Reactionary programming to the rescue!
Yes that's right. Reactive programming. As embodied in RX.net and the LINQ programming techniques put out by Microsoft over the last 5? or so years. With it's roots back in a paper published in 1997 entitled "Functional Reactive Programming", Reactive programming is supposed to merge the functional world with the procedural world. Unfortunately it doesn't. It's crap. Don't touch it with a 10 foot pole. You may think that this is my opinion, and you can think that. But you will eventually realise that it does not work when you try to use it. Reactionary programming leads you to believe that you get all the benefits of functional programming: multithreading in a thread-safe manner while keeping the mutability of your data. Unfortunately that's not the case. Issues with event propagation orders and mutability of data start cropping up in all but the most trivial examples. Why? Because you cannot have thread-safe processes WITH mutable data.

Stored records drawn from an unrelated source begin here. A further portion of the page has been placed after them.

(* Let $V$ be a finite-dimensional complex vector space and $K\subseteq\bigwedge^2V$ a subspace. If $[a\wedge b]$ is an isolated point of $\mathbf{P}K^\perp\cap\mathrm{Gr}_2(V^\vee)$, then the line $\ell_{ab}\subseteq\mathbf{P}V^\vee$ through $[a]$ and $[b]$ is a connected component of the projectivized resonance variety $\mathbf{R}(V,K)$, and the span of $a,b$ is isotropic.
   Context: $K^\perp\subseteq\bigwedge^2V^\vee$ is the annihilator of $K$; $\mathrm{Gr}_2(V^\vee)\subseteq\mathbf{P}(\bigwedge^2V^\vee)$ is Plücker embedded. The resonance variety is $\mathcal{R}(V,K)=\{a\in V^\vee:\exists b\in V^\vee,\ a\wedge b\in K^\perp\setminus\{0\}\}\cup\{0\}$, and $\mathbf{R}(V,K)\subseteq\mathbf{P}V^\vee$ is its projectivization (the union of the lines $\ell_{ab}$ for $[a\wedge b]\in\mathbf{P}K^\perp\cap\mathrm{Gr}_2(V^\vee)$). A subspace $\overline{V}^\vee\subseteq V^\vee$ is isotropic if $\bigwedge^2\overline V^\vee\subseteq K^\perp$. *)

theory Defs
  imports "HOL-Analysis.Analysis"
begin

text \<open>Choosing a basis of V (dim n, indexed by the finite type 'n), the dual
  V^vee is modelled by complex ^ 'n. Both exterior squares are modelled as antisymmetric
  arrays complex ^ ('n * 'n): the element w of wedge^2 V^vee has coordinates w(i,j) = w(e_i,e_j),
  the element k of wedge^2 V has coordinates k(i,j) w.r.t. the basis e_i wedge e_j (antisymmetrised).
  The natural pairing is (1/2) * sum_{i,j} w(i,j) k(i,j); the factor is irrelevant for annihilators.\<close>

definition alt :: "complex ^ ('n::finite \<times> 'n) \<Rightarrow> bool" where
  "alt w \<longleftrightarrow> (\<forall>i j. w $ (i, j) = - w $ (j, i))"

definition Alt2 :: "(complex ^ ('n::finite \<times> 'n)) set" where
  "Alt2 = {w. alt w}"

definition wedge :: "complex ^ 'n::finite \<Rightarrow> complex ^ 'n::finite \<Rightarrow> complex ^ ('n::finite \<times> 'n)" where
  "wedge a b = (\<chi> p. a $ fst p * b $ snd p - a $ snd p * b $ fst p)"

definition pairing :: "complex ^ ('n::finite \<times> 'n) \<Rightarrow> complex ^ ('n::finite \<times> 'n) \<Rightarrow> complex" where
  "pairing w k = (\<Sum>p\<in>UNIV. w $ p * k $ p)"

definition csubspace :: "(complex ^ 'k::finite) set \<Rightarrow> bool" where
  "csubspace S \<longleftrightarrow> 0 \<in> S \<and> (\<forall>x\<in>S. \<forall>y\<in>S. x + y \<in> S) \<and> (\<forall>c::complex. \<forall>x\<in>S. c *s x \<in> S)"

definition perp :: "(complex ^ ('n::finite \<times> 'n)) set \<Rightarrow> (complex ^ ('n::finite \<times> 'n)) set" where
  "perp K = {w \<in> Alt2. \<forall>k\<in>K. pairing w k = 0}"

definition span2 :: "complex ^ 'k::finite \<Rightarrow> complex ^ 'k::finite \<Rightarrow> (complex ^ 'k::finite) set" where
  "span2 a b = {c *s a + d *s b | c d :: complex. True}"

definition pt :: "complex ^ 'k::finite \<Rightarrow> (complex ^ 'k::finite) set" where
  "pt v = {c *s v | c :: complex. True}"

definition PP :: "(complex ^ 'k::finite) set \<Rightarrow> (complex ^ 'k::finite) set set" where
  "PP S = {pt v | v. v \<in> S \<and> v \<noteq> 0}"

text \<open>the (classical) topology of P(W): quotient topology of W - {0}\<close>
definition proj_topology :: "(complex ^ 'k::finite) set topology" where
  "proj_topology = topology (\<lambda>U. U \<subseteq> PP UNIV \<and> open {v. v \<noteq> 0 \<and> pt v \<in> U})"

text \<open>Gr_2(V^vee) in P(wedge^2 V^vee) via the Pluecker embedding\<close>
definition Gr2 :: "(complex ^ ('n::finite \<times> 'n)) set set" where
  "Gr2 = PP {wedge a b | a b. True}"

definition resonance :: "(complex ^ ('n::finite \<times> 'n)) set \<Rightarrow> (complex ^ 'n::finite) set" where
  "resonance K = {a. \<exists>b. wedge a b \<in> perp K - {0}} \<union> {0}"

definition Presonance :: "(complex ^ ('n::finite \<times> 'n)) set \<Rightarrow> (complex ^ 'n::finite) set set" where
  "Presonance K = PP (resonance K)"

text \<open>isotropic subspace: wedge^2 W subset of K^perp (wedge^2 W is spanned by the x wedge y)\<close>
definition isotropic :: "(complex ^ ('n::finite \<times> 'n)) set \<Rightarrow> (complex ^ 'n::finite) set \<Rightarrow> bool" where
  "isotropic K W \<longleftrightarrow> (\<forall>x\<in>W. \<forall>y\<in>W. wedge x y \<in> perp K)"

definition isolated_point_of :: "'a topology \<Rightarrow> 'a set \<Rightarrow> 'a \<Rightarrow> bool" where
  "isolated_point_of T X x \<longleftrightarrow> x \<in> X \<and> (\<exists>U. openin T U \<and> U \<inter> X = {x})"

end

(*
  Write w = a \<and> b. If x lies in span(a, b), x \<noteq> 0 and x \<and> y \<in> K^perp, choose b' with
  x \<and> b' = w; then w + t (x \<and> y) = x \<and> (b' + t y) is a decomposable element of K^perp
  tending to w as t \<rightarrow> 0, so isolation of [w] forces x \<and> y to be a multiple of w.
  Normalising the partner y to the unit sphere and using compactness, the same holds
  near x: every resonant v close to a point of the line has its wedges v \<and> y \<in> K^perp
  proportional to w, hence lies in span(a, b). So the line is open in the resonance
  variety; being closed and connected, it is a connected component. Isotropy is
  immediate, as every wedge of two vectors of span(a, b) is a multiple of w.
*)

theory Submission
  imports Defs
begin

section \<open>Scaling-invariant sets and their projectivisations\<close>

definition scaling_invariant :: "(complex ^ 'k::finite) set \<Rightarrow> bool" where
  "scaling_invariant S \<longleftrightarrow> (\<forall>c v. c \<noteq> 0 \<longrightarrow> v \<in> S \<longrightarrow> c *s v \<in> S)"

lemma scaling_invariantD: "scaling_invariant S \<Longrightarrow> c \<noteq> 0 \<Longrightarrow> v \<in> S \<Longrightarrow> c *s v \<in> S"
  unfolding scaling_invariant_def by blast

lemma scaling_invariant_smult_iff:
  assumes "scaling_invariant S" "c \<noteq> 0"
  shows "c *s v \<in> S \<longleftrightarrow> v \<in> S"
  using scaling_invariantD[OF assms] scaling_invariantD[OF assms(1), of "inverse c" "c *s v"] assms(2)
  by (auto simp: vector_smult_assoc)

lemma scaling_invariant_Compl: "scaling_invariant S \<Longrightarrow> scaling_invariant (- S)"
  by (simp add: scaling_invariant_def scaling_invariant_smult_iff)

lemma scaling_invariant_Int:
  "scaling_invariant S \<Longrightarrow> scaling_invariant T \<Longrightarrow> scaling_invariant (S \<inter> T)"
  by (simp add: scaling_invariant_def)

lemma scaling_invariant_Diff:
  "scaling_invariant S \<Longrightarrow> scaling_invariant T \<Longrightarrow> scaling_invariant (S - T)"
  by (simp add: Diff_eq scaling_invariant_Int scaling_invariant_Compl)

Oops... What am I saying. Of course you can. That is what semaphores are used for right? Well not really. Current techniques for controlling access to memory involve ensuring that only one thread can write to that memory at a time while no others can read from it or ensuring that the result of a process being run twice gives the same results. If you only have one thread accessing your data then it's not multi-threaded. Blocking operations, while not an issue on a single core machine, fail when put onto multi-cored machines. There are non-blocking algorithms for many tasks, but you usually find them hidden away somewhere within these higher-level memory access control structures, or are specific to one use-case.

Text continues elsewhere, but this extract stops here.